Reputation: 247
I am trying to label the duplicates in my PySpark DataFrame based on their group, while having the full length data frame. Below is an example code.
data= [
("A", "2018-01-03"),
("A", "2018-01-03"),
("A", "2018-01-03"),
("B", "2019-01-03"),
("B", "2019-01-03"),
("B", "2019-01-03"),
("C", "2020-01-03"),
("C", "2020-01-03"),
("C", "2020-01-03"),
]
from pyspark.sql import SparkSession
import pyspark.sql.functions as F
spark= SparkSession.builder.getOrCreate()
df= spark.createDataFrame(data=data, schema=["Group", "Date"])
df= df.withColumn("Date", F.to_date("Date", "yyyy-MM-dd"))
from pyspark.sql import Window
windowSpec= Window.partitionBy("Group").orderBy(F.asc("Date"))
df.withColumn("group_number", F.dense_rank().over(windowSpec)).orderBy("Date").show()
This is my current output and although it is correct since the code ranks "Date" based on its group but that was not my desired outcome.

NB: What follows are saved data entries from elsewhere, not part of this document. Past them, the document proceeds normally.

lemma edges_image_inj:
  assumes "C \<subseteq> E" "C' \<subseteq> E" "edges_image pe C = edges_image pe C'" shows "C = C'"
proof -
  have "C1 \<subseteq> C2" if "C1 \<subseteq> E" "C2 \<subseteq> E" "edges_image pe C1 = edges_image pe C2" for C1 C2
  proof
    fix e assume e: "e \<in> C1"
    then have eE: "e \<in> E" using that by blast
    have "pe e (1/2) \<in> edges_image pe C1"
      using e edge_interior_subset[OF eE] edge_interior_midpoint unfolding edges_image_def by blast
    then have "pe e (1/2) \<in> edges_image pe C2" using that(3) by simp
    then obtain e' where "e' \<in> C2" "pe e (1/2) \<in> edge_image e'" by (auto simp: edges_image_def)
    then show "e \<in> C2" using edge_interior_unique[OF eE edge_interior_midpoint] that(2) by blast
  qed
  then show ?thesis using assms by blast
qed

lemma edge_local_arc:
  assumes e: "e \<in> E" and t: "0 < t" "t < 1"
  obtains a b r where "0 < a" "a < t" "t < b" "b < 1" "r > 0" "ball (pe e t) r \<inter> G \<subseteq> pe e ` {a..b}"
proof -
  define a where "a = t/2"
  define b where "b = (t+1)/2"
  have ab: "0 < a" "a < t" "t < b" "b < 1" using t by (auto simp: a_def b_def)
  have x: "pe e t \<in> edge_interior e" using t by (simp add: edge_interior_def)
  obtain r1 where r1: "r1 > 0" "ball (pe e t) r1 \<inter> G \<subseteq> edge_interior e"
    using edge_interior_isolated[OF e x] by blast
  define K where "K = pe e ` ({0..a} \<union> {b..1})"
  have "compact K" unfolding K_def
    by (rule compact_continuous_image[OF continuous_on_subset[OF continuous_on_edge[OF e]]]) (use ab in auto)
  moreover have "pe e t \<notin> K"
  proof
    assume "pe e t \<in> K"
    then obtain s where s: "s \<in> {0..a} \<union> {b..1}" "pe e s = pe e t" unfolding K_def by (metis imageE)
    moreover have "s \<in> {0..1}" "t \<in> {0..1}" using s(1) ab by auto
    ultimately have "s = t \<or> s = 0 \<and> t = 1 \<or> s = 1 \<and> t = 0"
      using simple_path_edge[OF e] unfolding simple_path_def loop_free_def by blast
    then show False using s(1) ab by auto
  qed
  ultimately obtain r2 where r2: "r2 > 0" "ball (pe e t) r2 \<subseteq> - K"
    using compact_imp_closed open_contains_ball by (metis open_Compl ComplI)
  have sub: "ball (pe e t) (min r1 r2) \<inter> G \<subseteq> pe e ` {a..b}"
  proof
    fix z assume z: "z \<in> ball (pe e t) (min r1 r2) \<inter> G"
    then have "z \<in> edge_interior e" using r1 by auto
    then obtain s where s: "s \<in> {0<..<1}" "z = pe e s" by (auto simp: edge_interior_def)
    moreover have "z \<notin> K" using z r2 by auto
    ultimately have "s \<in> {a..b}" by (auto simp: K_def)
    then show "z \<in> pe e ` {a..b}" using s by blast
  qed
  show ?thesis by (rule that[OF ab _ sub]) (simp add: r1(1) r2(1))
qed

text \<open>The parameters of the edge lying on the circle form a nonempty subset of the open unit
  interval that is closed and, by invariance of domain, open.\<close>

lemma circle_in_G_contains_edge:
  assumes J: "J \<subseteq> G" "J homeomorphic sphere (0::complex) 1" and e: "e \<in> E"
    and meet: "edge_interior e \<inter> J \<noteq> {}"
  shows "edge_image e \<subseteq> J"
proof -
  have "compact J" using J(2) homeomorphic_compactness compact_sphere by blast
  then have "closed J" by (rule compact_imp_closed)
  define T where "T = {0<..<1} \<inter> pe e -` J"
  have "closedin (top_of_set {0<..<1}) T"
    unfolding T_def
    by (rule continuous_closedin_preimage[OF continuous_on_subset[OF continuous_on_edge[OF e]] \<open>closed J\<close>]) auto
  moreover have "open T"
    unfolding open_contains_ball
  proof
    fix t assume "t \<in> T"
    then have t: "0 < t" "t < 1" "pe e t \<in> J" by (auto simp: T_def)
    obtain a b r where ab: "0 < a" "a < t" "t < b" "b < 1" "r > 0"
      and near: "ball (pe e t) r \<inter> G \<subseteq> pe e ` {a..b}"
      using edge_local_arc[OF e t(1,2)] by blast
    have "inj_on (pe e) {a..b}" using edge_inj_on[OF e] ab by auto
    moreover have "continuous_on {a..b} (pe e)"
      using continuous_on_subset[OF continuous_on_edge[OF e]] ab by auto
    ultimately obtain g where g: "homeomorphism {a..b} (pe e ` {a..b}) (pe e) g"
      using homeomorphism_compact[OF compact_Icc] by blast
    have "ball (pe e t) r \<inter> J \<subseteq> pe e ` {a..b}" using near J(1) by blast
    moreover have "t \<in> {a..b}" using ab by simp
    ultimately obtain \<epsilon> where \<epsilon>: "\<epsilon> > 0" "ball t \<epsilon> \<subseteq> pe e -` J"
      using arc_preimage_circle_locally_open[OF g J(2) _ t(3) ab(5)] by blast
    have "ball t (min \<epsilon> (min t (1 - t))) \<subseteq> T"
      using \<epsilon> by (auto simp: T_def dist_real_def)
    then show "\<exists>\<epsilon>>0. ball t \<epsilon> \<subseteq> T" using \<epsilon>(1) t(1,2) by (metis diff_gt_0_iff_gt min_def)
  qed
  then have "openin (top_of_set {0<..<1}) T" by (rule open_subset[rotated]) (auto simp: T_def)
  moreover have "T \<noteq> {}" using meet by (auto simp: T_def edge_interior_def)
  ultimately have "T = {0<..<1}" using connected_Ioo[of 0 1] unfolding connected_clopen by blast
  then have "edge_interior e \<subseteq> J" by (auto simp: T_def edge_interior_def)
  then show ?thesis
    using edge_image_subset_closure_interior[OF e] closure_minimal[OF _ \<open>closed J\<close>] by blast
qed

lemma circle_in_G_eq_edges_image:
  assumes J: "J \<subseteq> G" "J homeomorphic sphere (0::complex) 1"
  shows "J = edges_image pe {e\<in>E. edge_image e \<subseteq> J}"
proof
  show "edges_image pe {e\<in>E. edge_image e \<subseteq> J} \<subseteq> J" by (auto simp: edges_image_def)
  show "J \<subseteq> edges_image pe {e\<in>E. edge_image e \<subseteq> J}"
  proof
    fix y assume yJ: "y \<in> J"
    have "connected J"
      using homeomorphic_connectedness[OF J(2)] connected_sphere[of "0::complex" 1] by simp
    moreover have "\<not> J \<subseteq> {y}"
    proof
      assume "J \<subseteq> {y}"
      moreover obtain c where "simple_path c" "path_image c = J"
        using homeomorphic_circle_simple_loop[OF J(2)] by blast
      then have "uncountable J" using simple_path_image_uncountable by blast
      ultimately show False using countable_finite finite_subset by blast
    qed
    ultimately have "y islimpt J" using yJ connected_imp_perfect by blast
    then have "y islimpt (J - pv ` V)"
      using islimpt_finite[OF finite_imageI[OF finite_V]] islimpt_Un islimpt_subset
      by (metis Diff_partition Un_Diff_cancel sup_ge2)
    moreover have "J - pv ` V \<subseteq> (\<Union>e\<in>E. edge_interior e \<inter> J)" using J(1) G_cases by blast
    ultimately have "y islimpt (\<Union>e\<in>E. edge_interior e \<inter> J)" using islimpt_subset by blast
    then obtain e where e: "e \<in> E" "y islimpt (edge_interior e \<inter> J)"
      using islimpt_UN_finite finite_E by blast
    then have "edge_image e \<subseteq> J"
      using circle_in_G_contains_edge[OF J e(1)] by (metis islimpt_EMPTY)
    moreover have "y islimpt edge_image e" using e(2) edge_interior_subset[OF e(1)] islimpt_subset by blast
    then have "y \<in> edge_image e"
      using closed_limpt closed_simple_path_image simple_path_edge[OF e(1)] by blast
    ultimately show "y \<in> edges_image pe {e\<in>E. edge_image e \<subseteq> J}" using e(1) by (auto simp: edges_image_def)
  qed
qed

definition edge_path_from :: "'e \<Rightarrow> 'v \<Rightarrow> real \<Rightarrow> real^3" where
  "edge_path_from e v = (if src e = v then pe e else reversepath (pe e))"

lemma edge_path_from:
  assumes e: "e \<in> E" and ends: "{src e, tgt e} = {v, u}"
  shows "pathstart (edge_path_from e v) = pv v" "pathfinish (edge_path_from e v) = pv u"
    "path_image (edge_path_from e v) = edge_image e" "simple_path (edge_path_from e v)"
proof -
  have "(src e = v \<and> tgt e = u) \<or> (src e \<noteq> v \<and> src e = u \<and> tgt e = v)"
    using ends by (auto simp: doubleton_eq_iff)
  then show "pathstart (edge_path_from e v) = pv v" "pathfinish (edge_path_from e v) = pv u"
    using pathstart_edge[OF e] pathfinish_edge[OF e] by (auto simp: edge_path_from_def)
  show "path_image (edge_path_from e v) = edge_image e" by (simp add: edge_path_from_def)
  show "simple_path (edge_path_from e v)"
    using simple_path_edge[OF e] by (simp add: edge_path_from_def simple_path_reversepath)
qed

lemma arc_edge_path_from:
  assumes e: "e \<in> E" and ends: "{src e, tgt e} = {v, u}" and "v \<noteq> u"
  shows "arc (edge_path_from e v)"
proof -
  have "v \<in> V" "u \<in> V" using ends src_in_V[OF e] tgt_in_V[OF e] by (auto simp: doubleton_eq_iff)
  then have "pv v \<noteq> pv u" using \<open>v \<noteq> u\<close> inj_on_pv by (auto simp: inj_on_def)
  then show ?thesis using edge_path_from[OF e ends] by (simp add: arc_simple_path)
qed

lemma edge_image_meets_walk_edges:
  assumes "e \<in> E" "set es \<subseteq> E" "e \<notin> set es"
  shows "edge_image e \<inter> edges_image pe (set es) \<subseteq> pv ` {src e, tgt e}"
  unfolding edges_image_def using edge_images_meet_at_ends[OF assms(1)] assms(2,3) by blast

lemma vertex_on_walk_edges:
  assumes "walk src tgt E vs es" "v \<in> V" "pv v \<in> edges_image pe (set es)"
  shows "v \<in> set vs"
proof -
  obtain e where e: "e \<in> set es" "pv v \<in> edge_image e" using assms(3) by (auto simp: edges_image_def)
  then have "e \<in> E" using walk_edges_subset[OF assms(1)] by blast
  then have "v = src e \<or> v = tgt e" using vertex_on_edge_imp_end e(2) assms(2) by blast
  then show ?thesis using walk_endpoints_in_vertices[OF assms(1) e(1)] by auto
qed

+-----+----------+------------+
|Group| Date|group_number|
+-----+----------+------------+
| A|2018-01-03| 1|
| A|2018-01-03| 1|
| A|2018-01-03| 1|
| B|2019-01-03| 1|
| B|2019-01-03| 1|
| B|2019-01-03| 1|
| C|2020-01-03| 1|
| C|2020-01-03| 1|
| C|2020-01-03| 1|
+-----+----------+------------+
I was hoping my output to look like this
+-----+----------+------------+
|Group| Date|group_number|
+-----+----------+------------+
| A|2018-01-03| 1|
| A|2018-01-03| 1|
| A|2018-01-03| 1|
| B|2019-01-03| 2|
| B|2019-01-03| 2|
| B|2019-01-03| 2|
| C|2020-01-03| 3|
| C|2020-01-03| 3|
| C|2020-01-03| 3|
+-----+----------+------------+
Any suggestions? I have found this post but this is just a binary solution! I have more than 2 groups in my dataset.
Upvotes: 1
Views: 329
Reputation: 32650
What you want is to rank over all the groups not in each group so you don't need to partition by the Window
, just order by Group
and Date
will give you the desired output:
windowSpec = Window.orderBy(F.asc("Group"), F.asc("Date"))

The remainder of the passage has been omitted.